Go through the data line by line from the top, retyping each exactly, and end with the line that contains "(\<lambda>p :: (real^'n)".

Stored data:

------------------------------------------------

theorem corollary2:
  fixes G :: "real^'n^'w"
    and l :: "real^'n \<Rightarrow> real^'z \<Rightarrow> real"
    and gradl :: "real^'n \<Rightarrow> real^'z \<Rightarrow> real^'n"
    and Z :: "(real^'z) set" and W :: "(real^'w) set"
    and D :: "real^'n \<Rightarrow> (real^'z) measure"
    and Dg :: "real^'n \<Rightarrow> (real^'w) measure"
    and f :: "real^'n \<Rightarrow> real^'n \<Rightarrow> real"
    and \<xi> :: "real^'n \<Rightarrow> real^'w"
    and Lag :: "real^'n \<Rightarrow> real^'n \<Rightarrow> real^'w \<Rightarrow> real"
    and d :: "real^'n \<Rightarrow> real^'w \<Rightarrow> real"
    and \<gamma> \<beta>x \<beta>z \<epsilon> \<epsilon>g \<eta> \<gamma>d Ld \<kappa>3 :: real
    and x ybar :: "nat \<Rightarrow> real^'n" and lam :: "nat \<Rightarrow> real^'w"
    and xs :: "real^'n" and lams :: "real^'w"
  assumes C2: "C2 (\<lambda>p :: (real^'n) \<times> (real^'z). l (fst p) (snd p))"
    and grad: "\<And>x z. GDERIV (\<lambda>u. l u z) x :> gradl x z"
    and D_prob: "\<And>x. prob_space (D x)" "\<And>x. sets (D x) = sets borel"
      "\<And>x. AE z in D x. z \<in> Z"
    and Dg_prob: "\<And>x. prob_space (Dg x)" "\<And>x. sets (Dg x) = sets borel"
      "\<And>x. AE w in Dg x. w \<in> W"
    and l_int: "\<And>x x'. integrable (D x') (l x)"
    and w_int: "\<And>x'. integrable (Dg x') (\<lambda>w. w)"
    and f_def: "\<And>x' x. f x' x = (\<integral>z. l x z \<partial>D x')"
    and \<xi>_def: "\<And>x'. \<xi> x' = (\<integral>w. w \<partial>Dg x')"
    and Lag_def: "\<And>x' x v. Lag x' x v = f x' x + v \<bullet> (G *v x - \<xi> x')"
    and d_def: "\<And>x' v. d x' v = (INF x. Lag x' x v)"
    and eps0: "\<epsilon> = 0"
    and A1: "\<gamma> > 0" "\<And>z. z \<in> Z \<Longrightarrow> strongly_convex \<gamma> (\<lambda>x. l x z)"
    and A2z: "\<And>x z z'. z \<in> Z \<Longrightarrow> z' \<in> Z \<Longrightarrow> norm (gradl x z - gradl x z') \<le> \<beta>z * norm (z - z')"
    and A2x: "\<And>x y z. z \<in> Z \<Longrightarrow> norm (gradl x z - gradl y z) \<le> \<beta>x * norm (x - y)"
    and A3: "\<And>x y. W1 (D x) (D y) \<le> ereal (\<epsilon> * norm (x - y))"
      "\<And>x y. W1 (Dg x) (Dg y) \<le> ereal (\<epsilon>g * norm (x - y))"
    and A4: "rank G = CARD('w)"
    and eq_feas: "G *v xs \<le> \<xi> xs"
    and eq_opt: "\<And>x. G *v x \<le> \<xi> xs \<Longrightarrow> f xs xs \<le> f xs x"
    and lams_nonneg: "0 \<le> lams"
    and lams_opt: "\<And>v. 0 \<le> v \<Longrightarrow> d xs v \<le> d xs lams"
    and eta_pos: "\<eta> > 0"
    and rda_x: "\<And>t u. t \<ge> 1 \<Longrightarrow> Lag (x (t - 1)) (x t) (lam t) \<le> Lag (x (t - 1)) u (lam t)"
    and rda_y: "\<And>t u. t \<ge> 1 \<Longrightarrow> Lag (x t) (ybar t) (lam t) \<le> Lag (x t) u (lam t)"
    and rda_lam: "\<And>t. t \<ge> 1 \<Longrightarrow> lam (Suc t) = pos_part (lam t + \<eta> *\<^sub>R (G *v ybar t - \<xi> (x t)))"
    and \<gamma>d_def: "\<gamma>d = lambda_min (G ** transpose G) / \<beta>x"
    and Ld_def: "Ld = (sigma_max G)\<^sup>2 / \<gamma>"
    and \<kappa>3_def: "\<kappa>3 = 1 - 2 * \<eta> * \<gamma>d + \<eta>\<^sup>2 * Ld\<^sup>2 + \<epsilon>g * \<eta> + \<epsilon>g * Ld * \<eta>\<^sup>2
        + (sigma_max G)\<^sup>2 / \<gamma>\<^sup>2 * (\<epsilon>g\<^sup>2 * \<eta>\<^sup>2 + \<epsilon>g * \<eta> + \<epsilon>g * Ld * \<eta>\<^sup>2)"
    and cond1: "\<epsilon>g * (1 + (sigma_max G)\<^sup>2 / \<gamma>\<^sup>2) < 2 * \<gamma>d"
    and cond2: "\<eta> < (2 * \<gamma>d - \<epsilon>g * (1 + (sigma_max G)\<^sup>2 / \<gamma>\<^sup>2)) /
        (Ld\<^sup>2 + \<epsilon>g * Ld + \<epsilon>g\<^sup>2 * (sigma_max G)\<^sup>2 / \<gamma>\<^sup>2 + \<epsilon>g\<^sup>2 * Ld * (sigma_max G)\<^sup>2 / \<gamma>\<^sup>2)"
  shows "\<forall>t\<ge>1. (norm (lam (Suc t) - lams))\<^sup>2 \<le> \<kappa>3 ^ t * (norm (lam 1 - lams))\<^sup>2 \<and>
               (norm (x (Suc t) - xs))\<^sup>2 \<le> \<kappa>3 ^ (t - 1) * ((sigma_max G)\<^sup>2 / \<gamma>\<^sup>2) * (norm (lam 1 - lams))\<^sup>2"
proof -
  define F where "F = f xs"
  have "0 \<le> \<epsilon>g"
    by (rule nonneg_of_W1_lipschitz[OF A3(2)])
  have \<xi>_lip: "\<And>x y. norm (\<xi> x - \<xi> y) \<le> \<epsilon>g * norm (x - y)"
    unfolding \<xi>_def by (rule norm_mean_diff_le_W1[OF w_int w_int A3(2)])
  have f_shift: "f x' u = F u + (f x' 0 - F 0)" for x' u
    using integral_increment_eq_if_W1_zero[OF D_prob(1) D_prob(2) D_prob(2) D_prob(3) D_prob(3) l_int l_int grad A2z,
        of x' xs u 0] A3(1)[of x' xs]
    by (simp add: F_def f_def eps0 zero_ereal_def)
  have sandwich: "quadratic_sandwich \<gamma> \<beta>x F"
    unfolding F_def f_def
    by (rule quadratic_sandwich_expectation[OF D_prob(1) D_prob(3) l_int grad A1(2) A2x less_imp_le[OF A1(1)]])
  have lag: "Lag x' u v = F u + v \<bullet> (G *v u - \<xi> xs) + (f x' 0 - F 0 + v \<bullet> (\<xi> xs - \<xi> x'))" for x' u v
    using f_shift[of x' u] by (simp add: Lag_def inner_diff_right)
  have lag_min: "tilted_minimizer F (transpose G *v v) y" if "\<And>u. Lag x' y v \<le> Lag x' u v" for x' y v
    using that unfolding tilted_minimizer_def lag lagrangian_eq_tilted by simp
  have "(INF u. Lag xs u v) = (INF u. F u + v \<bullet> (G *v u - \<xi> xs))" for v
    by (simp add: Lag_def F_def)
  then obtain saddle: "tilted_minimizer F (transpose G *v lams) xs"
    and slack: "\<And>i. 0 < lams $ i \<Longrightarrow> (G *v xs) $ i = \<xi> xs $ i"
    using saddle_point_of_dual_optimum[OF sandwich A1(1) lams_nonneg _ eq_feas] lams_opt eq_opt
    by (metis F_def d_def)
  have fixed: "pos_part (lams + \<eta> *\<^sub>R (G *v xs - \<xi> xs)) = lams"
    using pos_part_fixed_point[OF lams_nonneg eq_feas slack] eta_pos by simp
  have x_min: "tilted_minimizer F (transpose G *v lam t) (x t)" and "ybar t = x t" if "1 \<le> t" for t
    using lag_min[OF rda_x[OF that]] lag_min[OF rda_y[OF that]] tilted_minimizer_unique[OF sandwich A1(1)]
    by blast+
  with rda_lam show ?thesis
    by (intro dual_ascent_rates[OF sandwich A1(1) \<xi>_lip \<open>0 \<le> \<epsilon>g\<close> eta_pos saddle fixed x_min _
          \<gamma>d_def Ld_def \<kappa>3_def cond1 cond2]) simp_all
qed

------------------------------------------------

# Worked solution
theorem corollary2:
  fixes G :: "real^'n^'w"
    and l :: "real^'n \<Rightarrow> real^'z \<Rightarrow> real"
    and gradl :: "real^'n \<Rightarrow> real^'z \<Rightarrow> real^'n"
    and Z :: "(real^'z) set" and W :: "(real^'w) set"
    and D :: "real^'n \<Rightarrow> (real^'z) measure"
    and Dg :: "real^'n \<Rightarrow> (real^'w) measure"
    and f :: "real^'n \<Rightarrow> real^'n \<Rightarrow> real"
    and \<xi> :: "real^'n \<Rightarrow> real^'w"
    and Lag :: "real^'n \<Rightarrow> real^'n \<Rightarrow> real^'w \<Rightarrow> real"
    and d :: "real^'n \<Rightarrow> real^'w \<Rightarrow> real"
    and \<gamma> \<beta>x \<beta>z \<epsilon> \<epsilon>g \<eta> \<gamma>d Ld \<kappa>3 :: real
    and x ybar :: "nat \<Rightarrow> real^'n" and lam :: "nat \<Rightarrow> real^'w"
    and xs :: "real^'n" and lams :: "real^'w"
  assumes C2: "C2 (\<lambda>p :: (real^'n) \<times> (real^'z). l (fst p) (snd p))"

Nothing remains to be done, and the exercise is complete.